WHAT YOU SHOULD DO = Search the records for lines with the word "have" and copy each match.

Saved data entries
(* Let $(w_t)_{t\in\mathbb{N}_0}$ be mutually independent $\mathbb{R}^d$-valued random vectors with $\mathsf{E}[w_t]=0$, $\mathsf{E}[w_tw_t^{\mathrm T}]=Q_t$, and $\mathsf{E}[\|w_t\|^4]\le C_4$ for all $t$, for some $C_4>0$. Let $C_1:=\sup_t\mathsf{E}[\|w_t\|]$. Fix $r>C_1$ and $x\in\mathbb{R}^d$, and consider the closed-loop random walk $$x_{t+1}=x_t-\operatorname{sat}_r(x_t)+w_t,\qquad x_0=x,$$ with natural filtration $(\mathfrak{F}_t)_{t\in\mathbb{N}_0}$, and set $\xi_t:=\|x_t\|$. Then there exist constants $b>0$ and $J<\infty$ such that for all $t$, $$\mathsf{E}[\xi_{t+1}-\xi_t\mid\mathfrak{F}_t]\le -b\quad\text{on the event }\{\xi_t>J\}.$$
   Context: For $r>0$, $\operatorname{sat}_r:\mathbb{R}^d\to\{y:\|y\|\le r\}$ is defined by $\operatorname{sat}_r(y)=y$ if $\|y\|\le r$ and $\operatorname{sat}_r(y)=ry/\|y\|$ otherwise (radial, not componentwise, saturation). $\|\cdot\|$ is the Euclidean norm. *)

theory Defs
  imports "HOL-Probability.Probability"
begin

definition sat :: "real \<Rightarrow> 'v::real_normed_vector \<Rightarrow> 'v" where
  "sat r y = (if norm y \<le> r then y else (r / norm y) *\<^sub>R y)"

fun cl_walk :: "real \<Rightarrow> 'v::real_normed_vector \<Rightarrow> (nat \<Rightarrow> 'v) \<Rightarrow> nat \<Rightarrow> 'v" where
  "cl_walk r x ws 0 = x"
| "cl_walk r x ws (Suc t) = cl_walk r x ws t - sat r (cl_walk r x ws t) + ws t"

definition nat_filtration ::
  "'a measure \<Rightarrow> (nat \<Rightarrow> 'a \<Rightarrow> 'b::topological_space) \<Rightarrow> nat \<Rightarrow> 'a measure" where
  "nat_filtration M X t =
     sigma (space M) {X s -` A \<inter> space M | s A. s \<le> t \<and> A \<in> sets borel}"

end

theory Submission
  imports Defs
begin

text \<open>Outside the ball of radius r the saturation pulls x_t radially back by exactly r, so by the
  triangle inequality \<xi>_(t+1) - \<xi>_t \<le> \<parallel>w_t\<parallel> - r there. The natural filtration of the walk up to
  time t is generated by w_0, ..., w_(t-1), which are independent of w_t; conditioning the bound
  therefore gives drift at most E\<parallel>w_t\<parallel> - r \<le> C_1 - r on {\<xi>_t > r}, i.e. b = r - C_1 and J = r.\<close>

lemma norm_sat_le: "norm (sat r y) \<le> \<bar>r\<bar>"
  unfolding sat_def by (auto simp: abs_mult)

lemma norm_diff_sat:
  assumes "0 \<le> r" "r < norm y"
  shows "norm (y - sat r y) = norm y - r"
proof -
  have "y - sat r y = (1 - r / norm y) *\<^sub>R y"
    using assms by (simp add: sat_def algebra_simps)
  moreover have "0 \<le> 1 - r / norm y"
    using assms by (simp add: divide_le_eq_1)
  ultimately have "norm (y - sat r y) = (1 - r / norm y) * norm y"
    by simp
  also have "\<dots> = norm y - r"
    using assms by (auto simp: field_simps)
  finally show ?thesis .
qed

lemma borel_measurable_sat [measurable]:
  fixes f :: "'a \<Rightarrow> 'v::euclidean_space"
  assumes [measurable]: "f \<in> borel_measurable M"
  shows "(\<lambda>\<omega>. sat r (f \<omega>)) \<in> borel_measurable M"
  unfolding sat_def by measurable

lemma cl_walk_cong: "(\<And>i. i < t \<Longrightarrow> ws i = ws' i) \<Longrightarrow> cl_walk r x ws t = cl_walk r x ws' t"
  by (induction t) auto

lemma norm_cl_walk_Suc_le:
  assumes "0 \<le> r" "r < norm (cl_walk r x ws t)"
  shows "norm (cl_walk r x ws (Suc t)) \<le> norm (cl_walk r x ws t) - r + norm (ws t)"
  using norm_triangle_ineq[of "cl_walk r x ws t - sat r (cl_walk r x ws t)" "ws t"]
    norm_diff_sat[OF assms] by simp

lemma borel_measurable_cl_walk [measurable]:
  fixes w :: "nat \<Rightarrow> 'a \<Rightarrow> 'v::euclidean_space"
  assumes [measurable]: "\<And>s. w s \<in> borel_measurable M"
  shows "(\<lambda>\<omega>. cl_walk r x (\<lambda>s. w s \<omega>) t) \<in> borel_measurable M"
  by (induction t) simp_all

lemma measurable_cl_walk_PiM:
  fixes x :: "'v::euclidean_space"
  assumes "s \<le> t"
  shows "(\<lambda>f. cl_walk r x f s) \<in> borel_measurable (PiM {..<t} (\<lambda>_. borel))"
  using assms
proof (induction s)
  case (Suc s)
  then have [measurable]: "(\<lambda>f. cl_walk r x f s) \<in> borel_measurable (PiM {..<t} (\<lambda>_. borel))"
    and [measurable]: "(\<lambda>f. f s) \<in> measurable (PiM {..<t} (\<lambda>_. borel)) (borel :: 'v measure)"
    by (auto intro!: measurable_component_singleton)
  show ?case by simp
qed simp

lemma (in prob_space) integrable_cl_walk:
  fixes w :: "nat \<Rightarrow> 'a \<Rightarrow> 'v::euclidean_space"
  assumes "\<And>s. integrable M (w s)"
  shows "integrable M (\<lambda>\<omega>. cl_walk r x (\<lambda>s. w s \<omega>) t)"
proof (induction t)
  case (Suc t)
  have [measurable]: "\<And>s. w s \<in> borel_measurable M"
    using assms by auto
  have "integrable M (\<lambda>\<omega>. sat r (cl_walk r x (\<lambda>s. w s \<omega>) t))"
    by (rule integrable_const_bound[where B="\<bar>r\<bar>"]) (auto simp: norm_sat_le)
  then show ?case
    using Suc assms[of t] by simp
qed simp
* * *
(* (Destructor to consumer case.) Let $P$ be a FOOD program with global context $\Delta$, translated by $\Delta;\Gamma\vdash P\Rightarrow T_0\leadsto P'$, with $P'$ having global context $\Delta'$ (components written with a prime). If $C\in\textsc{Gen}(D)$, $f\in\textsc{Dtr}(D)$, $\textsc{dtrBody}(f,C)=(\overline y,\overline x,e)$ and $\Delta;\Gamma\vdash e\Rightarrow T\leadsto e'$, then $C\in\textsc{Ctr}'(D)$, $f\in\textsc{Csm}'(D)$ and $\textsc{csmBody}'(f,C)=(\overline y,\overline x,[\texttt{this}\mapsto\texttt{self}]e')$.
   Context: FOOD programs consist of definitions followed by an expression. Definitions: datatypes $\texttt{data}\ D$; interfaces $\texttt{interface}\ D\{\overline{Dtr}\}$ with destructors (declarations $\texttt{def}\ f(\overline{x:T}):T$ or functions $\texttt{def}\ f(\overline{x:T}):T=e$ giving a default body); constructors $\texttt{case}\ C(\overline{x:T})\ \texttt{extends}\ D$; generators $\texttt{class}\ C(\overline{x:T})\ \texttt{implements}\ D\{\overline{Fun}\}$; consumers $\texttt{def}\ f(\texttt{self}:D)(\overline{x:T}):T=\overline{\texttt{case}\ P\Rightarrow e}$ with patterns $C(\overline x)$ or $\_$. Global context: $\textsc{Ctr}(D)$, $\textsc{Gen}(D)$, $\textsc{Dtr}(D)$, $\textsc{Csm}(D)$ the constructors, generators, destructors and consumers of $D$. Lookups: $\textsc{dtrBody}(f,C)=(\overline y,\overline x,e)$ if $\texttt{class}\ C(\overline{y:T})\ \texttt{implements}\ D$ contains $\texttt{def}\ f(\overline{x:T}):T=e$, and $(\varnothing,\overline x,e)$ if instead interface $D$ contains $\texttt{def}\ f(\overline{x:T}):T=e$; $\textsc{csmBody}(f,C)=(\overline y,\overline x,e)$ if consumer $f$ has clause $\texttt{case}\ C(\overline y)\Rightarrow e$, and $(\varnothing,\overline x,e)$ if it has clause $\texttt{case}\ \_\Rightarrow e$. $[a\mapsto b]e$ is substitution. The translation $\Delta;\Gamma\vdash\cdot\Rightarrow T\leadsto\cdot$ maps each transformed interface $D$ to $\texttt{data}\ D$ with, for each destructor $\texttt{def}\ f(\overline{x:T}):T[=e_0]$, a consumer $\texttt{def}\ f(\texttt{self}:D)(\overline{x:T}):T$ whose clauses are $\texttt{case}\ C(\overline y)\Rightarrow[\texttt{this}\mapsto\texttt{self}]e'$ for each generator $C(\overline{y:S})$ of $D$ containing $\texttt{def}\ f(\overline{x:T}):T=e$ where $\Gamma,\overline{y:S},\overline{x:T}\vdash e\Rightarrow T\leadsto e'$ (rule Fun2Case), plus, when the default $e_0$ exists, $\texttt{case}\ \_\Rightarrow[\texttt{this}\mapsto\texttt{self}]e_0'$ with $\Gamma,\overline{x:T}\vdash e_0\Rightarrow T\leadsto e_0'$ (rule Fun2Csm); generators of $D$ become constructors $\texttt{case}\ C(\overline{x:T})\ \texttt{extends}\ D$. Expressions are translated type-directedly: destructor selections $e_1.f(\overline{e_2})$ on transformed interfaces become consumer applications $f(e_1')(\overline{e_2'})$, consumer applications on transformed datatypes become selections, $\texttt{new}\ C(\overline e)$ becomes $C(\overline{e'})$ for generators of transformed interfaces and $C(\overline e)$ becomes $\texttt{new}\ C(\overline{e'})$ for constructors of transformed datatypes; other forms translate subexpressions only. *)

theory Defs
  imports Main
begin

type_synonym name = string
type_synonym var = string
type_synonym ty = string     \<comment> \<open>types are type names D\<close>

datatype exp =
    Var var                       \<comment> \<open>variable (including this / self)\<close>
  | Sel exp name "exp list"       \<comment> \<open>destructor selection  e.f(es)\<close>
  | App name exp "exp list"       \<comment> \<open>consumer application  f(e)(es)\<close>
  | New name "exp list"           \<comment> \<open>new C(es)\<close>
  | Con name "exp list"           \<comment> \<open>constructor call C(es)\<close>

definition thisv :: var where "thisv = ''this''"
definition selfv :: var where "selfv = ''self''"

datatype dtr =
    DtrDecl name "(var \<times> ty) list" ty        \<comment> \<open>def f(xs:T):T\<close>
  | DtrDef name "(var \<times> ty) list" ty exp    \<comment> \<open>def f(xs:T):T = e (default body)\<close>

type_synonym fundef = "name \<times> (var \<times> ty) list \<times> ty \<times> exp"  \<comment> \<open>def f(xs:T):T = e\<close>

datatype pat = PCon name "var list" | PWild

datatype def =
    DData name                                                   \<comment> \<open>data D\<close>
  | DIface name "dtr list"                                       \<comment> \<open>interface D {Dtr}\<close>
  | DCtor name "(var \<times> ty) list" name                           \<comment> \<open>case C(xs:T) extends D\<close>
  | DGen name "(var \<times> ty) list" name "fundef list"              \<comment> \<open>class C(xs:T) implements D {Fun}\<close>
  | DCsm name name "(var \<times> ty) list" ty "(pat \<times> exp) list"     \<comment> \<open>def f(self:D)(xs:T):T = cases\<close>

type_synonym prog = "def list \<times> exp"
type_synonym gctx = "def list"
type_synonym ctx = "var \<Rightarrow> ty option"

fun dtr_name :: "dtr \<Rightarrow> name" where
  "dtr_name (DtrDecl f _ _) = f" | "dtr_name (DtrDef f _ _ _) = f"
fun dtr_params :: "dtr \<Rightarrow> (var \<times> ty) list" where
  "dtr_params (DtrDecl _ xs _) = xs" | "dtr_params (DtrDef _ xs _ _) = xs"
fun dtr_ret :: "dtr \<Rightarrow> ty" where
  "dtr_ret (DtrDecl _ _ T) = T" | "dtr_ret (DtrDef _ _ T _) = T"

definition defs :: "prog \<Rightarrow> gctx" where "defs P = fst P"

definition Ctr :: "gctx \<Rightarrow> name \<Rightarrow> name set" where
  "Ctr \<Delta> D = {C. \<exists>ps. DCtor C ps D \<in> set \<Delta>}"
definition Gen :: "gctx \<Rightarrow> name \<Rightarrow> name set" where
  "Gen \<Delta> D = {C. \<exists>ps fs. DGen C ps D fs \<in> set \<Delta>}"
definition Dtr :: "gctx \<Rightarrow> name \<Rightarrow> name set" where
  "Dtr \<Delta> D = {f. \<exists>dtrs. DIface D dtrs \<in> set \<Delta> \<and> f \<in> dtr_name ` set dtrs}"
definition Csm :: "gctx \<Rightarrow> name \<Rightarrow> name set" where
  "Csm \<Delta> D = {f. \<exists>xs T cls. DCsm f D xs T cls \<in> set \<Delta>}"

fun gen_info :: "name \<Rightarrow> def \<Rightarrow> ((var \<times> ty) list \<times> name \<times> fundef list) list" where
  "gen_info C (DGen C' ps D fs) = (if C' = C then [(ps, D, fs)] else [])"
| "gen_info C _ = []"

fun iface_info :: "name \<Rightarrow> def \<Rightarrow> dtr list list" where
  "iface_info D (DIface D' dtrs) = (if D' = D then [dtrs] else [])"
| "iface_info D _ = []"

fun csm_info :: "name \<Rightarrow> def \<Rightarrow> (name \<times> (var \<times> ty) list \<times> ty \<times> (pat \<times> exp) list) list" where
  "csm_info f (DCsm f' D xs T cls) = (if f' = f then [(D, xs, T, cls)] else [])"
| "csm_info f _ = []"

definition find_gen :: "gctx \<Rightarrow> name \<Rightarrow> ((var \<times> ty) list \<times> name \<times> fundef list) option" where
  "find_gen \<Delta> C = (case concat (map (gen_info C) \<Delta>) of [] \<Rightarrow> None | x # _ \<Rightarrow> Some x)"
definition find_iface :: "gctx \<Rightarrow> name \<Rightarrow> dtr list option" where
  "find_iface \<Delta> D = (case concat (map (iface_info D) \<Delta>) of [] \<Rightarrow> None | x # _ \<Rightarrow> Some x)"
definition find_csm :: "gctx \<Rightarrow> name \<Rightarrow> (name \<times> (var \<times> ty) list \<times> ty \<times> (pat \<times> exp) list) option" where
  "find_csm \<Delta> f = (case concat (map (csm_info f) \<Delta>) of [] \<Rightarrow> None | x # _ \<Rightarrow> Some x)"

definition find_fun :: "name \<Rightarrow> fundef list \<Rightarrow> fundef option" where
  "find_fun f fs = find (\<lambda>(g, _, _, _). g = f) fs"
--
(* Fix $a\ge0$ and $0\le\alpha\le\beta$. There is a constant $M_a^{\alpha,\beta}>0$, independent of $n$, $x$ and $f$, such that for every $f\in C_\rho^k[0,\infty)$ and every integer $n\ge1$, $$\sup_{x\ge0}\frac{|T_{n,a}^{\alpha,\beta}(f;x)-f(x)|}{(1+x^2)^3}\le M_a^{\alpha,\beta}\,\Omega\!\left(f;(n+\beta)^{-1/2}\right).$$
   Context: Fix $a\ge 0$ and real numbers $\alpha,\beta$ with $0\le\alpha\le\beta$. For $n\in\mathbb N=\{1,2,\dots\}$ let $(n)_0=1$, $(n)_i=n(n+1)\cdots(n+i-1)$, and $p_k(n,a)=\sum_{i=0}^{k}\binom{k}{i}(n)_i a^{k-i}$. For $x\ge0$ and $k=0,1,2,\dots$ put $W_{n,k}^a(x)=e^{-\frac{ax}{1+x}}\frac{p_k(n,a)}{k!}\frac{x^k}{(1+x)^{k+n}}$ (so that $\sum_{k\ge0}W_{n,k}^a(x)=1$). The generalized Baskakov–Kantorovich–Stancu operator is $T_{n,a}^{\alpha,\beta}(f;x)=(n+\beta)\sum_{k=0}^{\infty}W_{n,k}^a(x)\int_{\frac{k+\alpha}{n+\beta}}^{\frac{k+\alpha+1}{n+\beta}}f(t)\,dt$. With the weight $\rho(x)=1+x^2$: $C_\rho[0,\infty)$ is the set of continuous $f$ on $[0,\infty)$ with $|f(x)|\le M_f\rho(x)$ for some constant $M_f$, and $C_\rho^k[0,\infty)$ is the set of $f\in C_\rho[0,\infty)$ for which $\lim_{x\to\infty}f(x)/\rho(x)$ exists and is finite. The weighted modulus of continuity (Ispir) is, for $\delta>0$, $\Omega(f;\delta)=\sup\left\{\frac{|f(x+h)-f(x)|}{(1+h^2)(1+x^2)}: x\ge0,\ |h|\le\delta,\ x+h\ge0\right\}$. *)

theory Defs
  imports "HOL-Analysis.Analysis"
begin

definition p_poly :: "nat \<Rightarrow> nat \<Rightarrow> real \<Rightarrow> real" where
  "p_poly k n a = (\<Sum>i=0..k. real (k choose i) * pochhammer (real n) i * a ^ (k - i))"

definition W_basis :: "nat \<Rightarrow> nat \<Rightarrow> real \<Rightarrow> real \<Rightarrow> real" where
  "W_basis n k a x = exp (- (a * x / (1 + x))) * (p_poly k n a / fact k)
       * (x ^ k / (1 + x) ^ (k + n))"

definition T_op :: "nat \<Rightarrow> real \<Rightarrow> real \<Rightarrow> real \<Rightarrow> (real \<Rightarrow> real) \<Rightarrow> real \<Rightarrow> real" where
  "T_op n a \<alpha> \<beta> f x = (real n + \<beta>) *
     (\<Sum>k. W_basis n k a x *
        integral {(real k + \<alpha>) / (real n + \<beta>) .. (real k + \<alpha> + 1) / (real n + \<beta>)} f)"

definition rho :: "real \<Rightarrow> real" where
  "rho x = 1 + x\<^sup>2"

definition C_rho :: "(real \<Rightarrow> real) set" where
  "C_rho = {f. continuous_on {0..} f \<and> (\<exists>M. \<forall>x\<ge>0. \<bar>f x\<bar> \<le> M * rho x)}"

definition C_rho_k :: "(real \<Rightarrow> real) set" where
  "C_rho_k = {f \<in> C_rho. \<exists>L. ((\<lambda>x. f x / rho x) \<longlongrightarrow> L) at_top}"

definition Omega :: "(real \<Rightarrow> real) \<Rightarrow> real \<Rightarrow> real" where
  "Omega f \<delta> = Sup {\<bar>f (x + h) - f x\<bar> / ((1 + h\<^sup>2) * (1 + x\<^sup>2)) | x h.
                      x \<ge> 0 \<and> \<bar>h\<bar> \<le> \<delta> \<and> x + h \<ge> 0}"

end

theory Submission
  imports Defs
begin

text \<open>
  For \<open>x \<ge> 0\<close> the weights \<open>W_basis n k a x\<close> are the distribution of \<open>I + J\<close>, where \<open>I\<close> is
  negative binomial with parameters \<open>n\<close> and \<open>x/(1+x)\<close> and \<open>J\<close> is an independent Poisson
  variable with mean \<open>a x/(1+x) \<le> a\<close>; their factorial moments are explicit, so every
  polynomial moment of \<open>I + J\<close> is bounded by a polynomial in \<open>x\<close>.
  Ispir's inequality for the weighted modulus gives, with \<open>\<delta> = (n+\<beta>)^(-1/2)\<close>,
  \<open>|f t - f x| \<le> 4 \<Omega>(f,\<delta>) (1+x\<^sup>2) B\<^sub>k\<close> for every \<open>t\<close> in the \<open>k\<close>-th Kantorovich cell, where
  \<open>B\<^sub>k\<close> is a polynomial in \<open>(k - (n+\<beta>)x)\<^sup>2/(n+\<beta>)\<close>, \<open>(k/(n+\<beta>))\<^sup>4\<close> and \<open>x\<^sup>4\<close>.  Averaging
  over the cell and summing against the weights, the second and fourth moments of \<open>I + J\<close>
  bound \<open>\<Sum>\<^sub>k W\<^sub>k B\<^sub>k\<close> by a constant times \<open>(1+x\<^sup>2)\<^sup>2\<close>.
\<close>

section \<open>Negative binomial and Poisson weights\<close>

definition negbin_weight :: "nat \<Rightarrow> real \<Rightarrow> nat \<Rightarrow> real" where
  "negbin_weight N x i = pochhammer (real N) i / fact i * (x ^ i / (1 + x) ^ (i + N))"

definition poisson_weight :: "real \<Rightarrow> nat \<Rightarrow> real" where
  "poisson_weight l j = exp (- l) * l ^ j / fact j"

RESPONSE BOX =
  have "y - sat r y = (1 - r / norm y) *\<^sub>R y"
  moreover have "0 \<le> 1 - r / norm y"
  ultimately have "norm (y - sat r y) = (1 - r / norm y) * norm y"
  also have "\<dots> = norm y - r"
  then have [measurable]: "(\<lambda>f. cl_walk r x f s) \<in> borel_measurable (PiM {..<t} (\<lambda>_. borel))"
  have [measurable]: "\<And>s. w s \<in> borel_measurable M"
  have "integrable M (\<lambda>\<omega>. sat r (cl_walk r x (\<lambda>s. w s \<omega>) t))"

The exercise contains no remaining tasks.